Apelidos que grudam
Acho que você bem sabe que há duas ou três coisas que quase ninguém escapa na infância. A primeira delas, e quando ainda somos bebês de cola, é de tias metidas a palhaças que insistem a fazer caretas para nos fazer rir.
Acho que você bem sabe que há duas ou três coisas que quase ninguém escapa na infância. A primeira delas, e quando ainda somos bebês de cola, é de tias metidas a palhaças que insistem a fazer caretas para nos fazer rir. A segunda é a de virarmos mochilas dos nossos pais que vivem nos carregando para tudo o que é lado.Bem, a terceira delas é a de recebermos uma designação informal ou um apelido.
É óbvio que você também sabe que tem apelido com origem em características físicas: Baixinho, Quatro-olhos, Tampinha, Cascão, Bolinha, Chaminé, Carijó, Cochicho, Bocão, Topete...
Tem apelido que vem do ofício: Leiteiro, Padeiro, Roceiro, Coveiro, Carteiro.
Tem apelido que diz algo sobre a personalidade: Bombinha, Pipoca, Chiclé, Tipo-Assim...
Tem apelido que é resultado da lei do menor esforço. Tatiana vira Tati; Luana vira Lu; Rodrigo vira Rô; Renata vira Rê; Patrícia vira Pati; Juvenal vira Ju; Eduardo vira Edu; Virginia vira Vi.
Por falar em apelidos, os argentinos são prolíficos em matéria de apelidos. Os políticos Carlos Menen era ‘El Turco’, Nestor Kirchner ‘El Pinguino’ e até mesmo o grande Juan Domingos Péron tinha o seu apelido – ‘El Pocho’. Diego Armando Maradona virou ‘Dieguito’ e ‘El Pibe de Oro’.
Como não poderia deixar de ser, tem apelidos curiosos, como o do meu amigo Mosca – que nada tem a ver com o inseto nojento de asas membranosas. Ninguém sabe por que juntaram as iniciais do nome Moacir com as iniciais do sobrenome Scalin e, assim, acabou virando Mosca.

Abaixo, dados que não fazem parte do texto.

(* Fix an architecture $(\mathbf d,\mathbf k,\mathbf s)$ of depth $N$ and let $k_v=k_1+\sum_{i=2}^N(k_i-1)\prod_{m=1}^{i-1}s_m$. For every $T>0$ and all real numbers $\delta_1,\dots,\delta_{N-1}$ there exists a constant $\tau=\tau(T,k_v,\delta_1,\dots,\delta_{N-1})$ such that the following holds: whenever $\vec w=(w^{(1)},\dots,w^{(N)})$ with $w^{(i)}\in\mathbb{R}^{k_i}$ satisfies $\|\pi(\vec w)\|_1\le T$ and $\|w^{(i+1)}\|_2^2-\|w^{(i)}\|_2^2=\delta_i$ for $i=1,\dots,N-1$, then \[ \|w^{(i)}\|_2^2\le\tau\qquad\text{for all } i\in\{1,\dots,N\}. \]
   Context: An architecture of depth $N$ is a triple $(\mathbf d,\mathbf k,\mathbf s)=((d_0,\dots,d_N),(k_1,\dots,k_N),(s_1,\dots,s_N))$ of positive integers with $d_i=\frac{d_{i-1}-k_i}{s_i}+1$ for $i=1,\dots,N$. For a filter $w\in\mathbb{R}^{k}$ and stride $s$, the convolutional matrix $\Pi_{(d',d''),k,s}(w)\in\mathbb{R}^{d''\times d'}$ has entries $W_{j,(j-1)s+n}=w_n$ for $j\in\{1,\dots,d''\}$, $n\in\{1,\dots,k\}$, and zeros elsewhere. For $\vec w=(w^{(1)},\dots,w^{(N)})$, $\Pi(\vec w):=W_N\cdots W_1$ with $W_i=\Pi_{(d_{i-1},d_i),k_i,s_i}(w^{(i)})$; this is a convolutional matrix with stride $\prod_i s_i$ and filter width $k_v$, and its filter $v=\pi(\vec w)\in\mathbb{R}^{k_v}$ is the final filter. Equivalently, $\sum_{j=0}^{k_v-1}v_{j+1}x^j=\prod_{i=1}^N\sum_{j=0}^{k_i-1}w^{(i)}_{j+1}x^{j\prod_{n=1}^{i-1}s_n}$. $\|\cdot\|_1$ and $\|\cdot\|_2$ are the usual vector norms. *)

theory Defs
  imports Main "HOL.Real"
begin

definition is_architecture :: "nat \<Rightarrow> (nat \<Rightarrow> nat) \<Rightarrow> (nat \<Rightarrow> nat) \<Rightarrow> (nat \<Rightarrow> nat) \<Rightarrow> bool" where
  "is_architecture N d k s \<longleftrightarrow>
     (\<forall>i\<le>N. 0 < d i) \<and>
     (\<forall>i\<in>{1..N}. 0 < k i \<and> 0 < s i \<and>
        real (d i) = (real (d (i - 1)) - real (k i)) / real (s i) + 1)"

text \<open>Matrices are represented as functions of (row, column), 1-indexed.
  The filter w is 1-indexed: w 1, ..., w k.\<close>
definition conv_mat :: "nat \<Rightarrow> nat \<Rightarrow> nat \<Rightarrow> nat \<Rightarrow> (nat \<Rightarrow> real) \<Rightarrow> nat \<Rightarrow> nat \<Rightarrow> real" where
  "conv_mat d' d'' k s w j c =
     (if 1 \<le> j \<and> j \<le> d'' \<and> 1 \<le> c \<and> c \<le> d' \<and> (j - 1) * s < c \<and> c \<le> (j - 1) * s + k
      then w (c - (j - 1) * s) else 0)"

Assim, Moacir Scalin não conseguiu mais espantar o apelido do seu rosto.
– É uma pena, pois um apelido desses não ajuda nada – lamentava vovó, atrás dos óculos de armação pesada, na cor preta, engarupada no nariz aquilino.

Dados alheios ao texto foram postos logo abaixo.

lemma tangent_length_combination_neg:
  fixes t X Y \<rho> :: real
  assumes \<rho>: "\<rho> > 0" and t: "t > 0" and X: "X < 0"
    and tangent: "t\<^sup>2 = X\<^sup>2 + Y\<^sup>2 - \<rho>\<^sup>2" and far: "Y > 0 \<Longrightarrow> X < - \<rho>"
  shows "t * X + \<rho> * Y < 0"
proof (cases "Y > 0")
  case True
  have "\<rho>\<^sup>2 < (- X)\<^sup>2" using far[OF True] \<rho> by (intro power_strict_mono) auto
  hence "(\<rho> * Y)\<^sup>2 < (t * - X)\<^sup>2"
  proof -
    have "(t * - X)\<^sup>2 - (\<rho> * Y)\<^sup>2 = ((- X)\<^sup>2 - \<rho>\<^sup>2) * (X\<^sup>2 + Y\<^sup>2)" using tangent by algebra
    moreover have "((- X)\<^sup>2 - \<rho>\<^sup>2) * (X\<^sup>2 + Y\<^sup>2) > 0"
      using \<open>\<rho>\<^sup>2 < (- X)\<^sup>2\<close> X by (intro mult_pos_pos) (simp_all add: add_pos_nonneg)
    ultimately show ?thesis by linarith
  qed
  hence "\<rho> * Y < t * - X" by (rule power2_less_imp_less) (use t X in \<open>simp add: mult_pos_neg less_imp_le\<close>)
  then show ?thesis by simp
next
  case False
  have "t * X < 0" using t X by (simp add: mult_pos_neg)
  moreover have "\<rho> * Y \<le> 0" using False \<rho> by (simp add: mult_nonneg_nonpos)
  ultimately show ?thesis by linarith
qed

lemma opposite_turn_sin_numerator_neg:
  fixes r w t \<zeta> :: real
  assumes r: "r > 0" and w: "w > 2 * r" and t: "t \<ge> 0"
    and sz: "sin \<zeta> < 0" and tt: "t\<^sup>2 = w\<^sup>2 - 2 * w * r * sin \<zeta> - 2 * r\<^sup>2 * (1 - cos \<zeta>)"
  shows "t * (w * sin \<zeta> - r - r * cos \<zeta>) + 2 * r * (w * cos \<zeta> + r * sin \<zeta>) < 0"
proof (rule tangent_length_combination_neg)
  have bounds: "-1 \<le> cos \<zeta>" "cos \<zeta> \<le> 1"
    by (simp_all add: cos_ge_minus_one cos_le_one)
  have "w * sin \<zeta> < 0" using sz w r by (simp add: mult_pos_neg)
  moreover have "- r \<le> r * cos \<zeta>" using mult_left_mono[OF bounds(1), of r] r by simp
  ultimately show "w * sin \<zeta> - r - r * cos \<zeta> < 0" by linarith
  have "t\<^sup>2 > 0"
  proof -
    have "- 2 * w * r * sin \<zeta> > 0" using sz w r by (simp add: mult_pos_neg mult_neg_pos)
    moreover have "(2 * r) * (2 * r) < w * w" using w r by (intro mult_strict_mono) auto
    moreover have "2 * r\<^sup>2 * (1 - cos \<zeta>) \<le> 2 * r\<^sup>2 * 2" using bounds by (intro mult_left_mono) auto
    ultimately show ?thesis unfolding tt by (simp add: power2_eq_square algebra_simps)
  qed
  then show "t > 0" using t by (cases "t = 0") auto
  show "t\<^sup>2 = (w * sin \<zeta> - r - r * cos \<zeta>)\<^sup>2 + (w * cos \<zeta> + r * sin \<zeta>)\<^sup>2 - (2 * r)\<^sup>2"
    using tt sin_cos_squared_add[of \<zeta>] by algebra
  show "w * sin \<zeta> - r - r * cos \<zeta> < - (2 * r)" if "w * cos \<zeta> + r * sin \<zeta> > 0"
  proof -
    have "cos \<zeta> > 0"
    proof (rule ccontr)
      assume "\<not> cos \<zeta> > 0"
      hence "w * cos \<zeta> \<le> 0" using w r by (simp add: mult_nonneg_nonpos)
      moreover have "r * sin \<zeta> < 0" using sz r by (simp add: mult_pos_neg)
      ultimately show False using that by linarith
    qed
    hence "(cos \<zeta>)\<^sup>2 \<le> cos \<zeta>" using bounds by (simp add: power2_eq_square mult_left_le)
    hence "1 - cos \<zeta> \<le> (sin \<zeta>)\<^sup>2" using sin_cos_squared_add[of \<zeta>] by linarith
    also have "(sin \<zeta>)\<^sup>2 \<le> - sin \<zeta>"
      using sz sin_ge_minus_one[of \<zeta>] mult_right_mono[of "- sin \<zeta>" 1 "- sin \<zeta>"]
      by (simp add: power2_eq_square)
    finally have "r * (1 - cos \<zeta>) \<le> r * (- sin \<zeta>)" using r by (intro mult_left_mono) auto
    moreover have "r * (- sin \<zeta>) < w * (- sin \<zeta>)" using sz w r by simp
    ultimately show ?thesis by (simp add: algebra_simps)
  qed
qed (use r in simp)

Pois é, para variar não escapei de ganhar um apelido, antes mesmo de começar a balbuciar ‘papa’ e ‘mama’. Quando fui ver, não era mais o Flávio, como registrado na Certidão de Nascimento, mas o Nini. O apelido não aponta para lugar algum. Não diz nada sobre a minha personalidade. Não cabe em mim, mas pegou e colou para valer.
– Nini, vá dar comida aos cabritos – ordenava mamãe.
– Nini, quanto é 7 x 9? – perguntava a professora.
– Quebre a cara do Nini – gritava meu colega fortão, comedor de polenta e batata doce.
– Nini, caia fora daqui – dizia uma colega por quem eu estava caidinho.
No meu Paredes, todos me conheciam por Nini. Preciso confessar que eu mesmo já assinei documentos com a alcunha Nini. Poucos eram os que conheciam o meu nome de batismo. Quer dizer, meu nome oficial praticamente desapareceu.
É evidente que se tivesse recebido o apelido de ‘Pelé’, ‘Zico’, ‘Cazuza’, ‘Tremendão’, ‘Chacrinha’ ou ‘Eminen’ em vez de Nini, possivelmente minha sorte teria sido melhor.
Podia, porém, ter sido pior. Podia ter sido ‘Êpa’ ou um desses apelidos idiotas que não encontramos maneira de nos livrar pelo resto da vida, como Alicate, Pulga, Retardado, Pudim, Vai-Saber, Gafanhoto, Manteiga Derretida, Melado, Linguicinha ou um apelido de cachorro, como Boby.
Qualquer um desses apelidos teria me causado mais inconvenientes, por certo.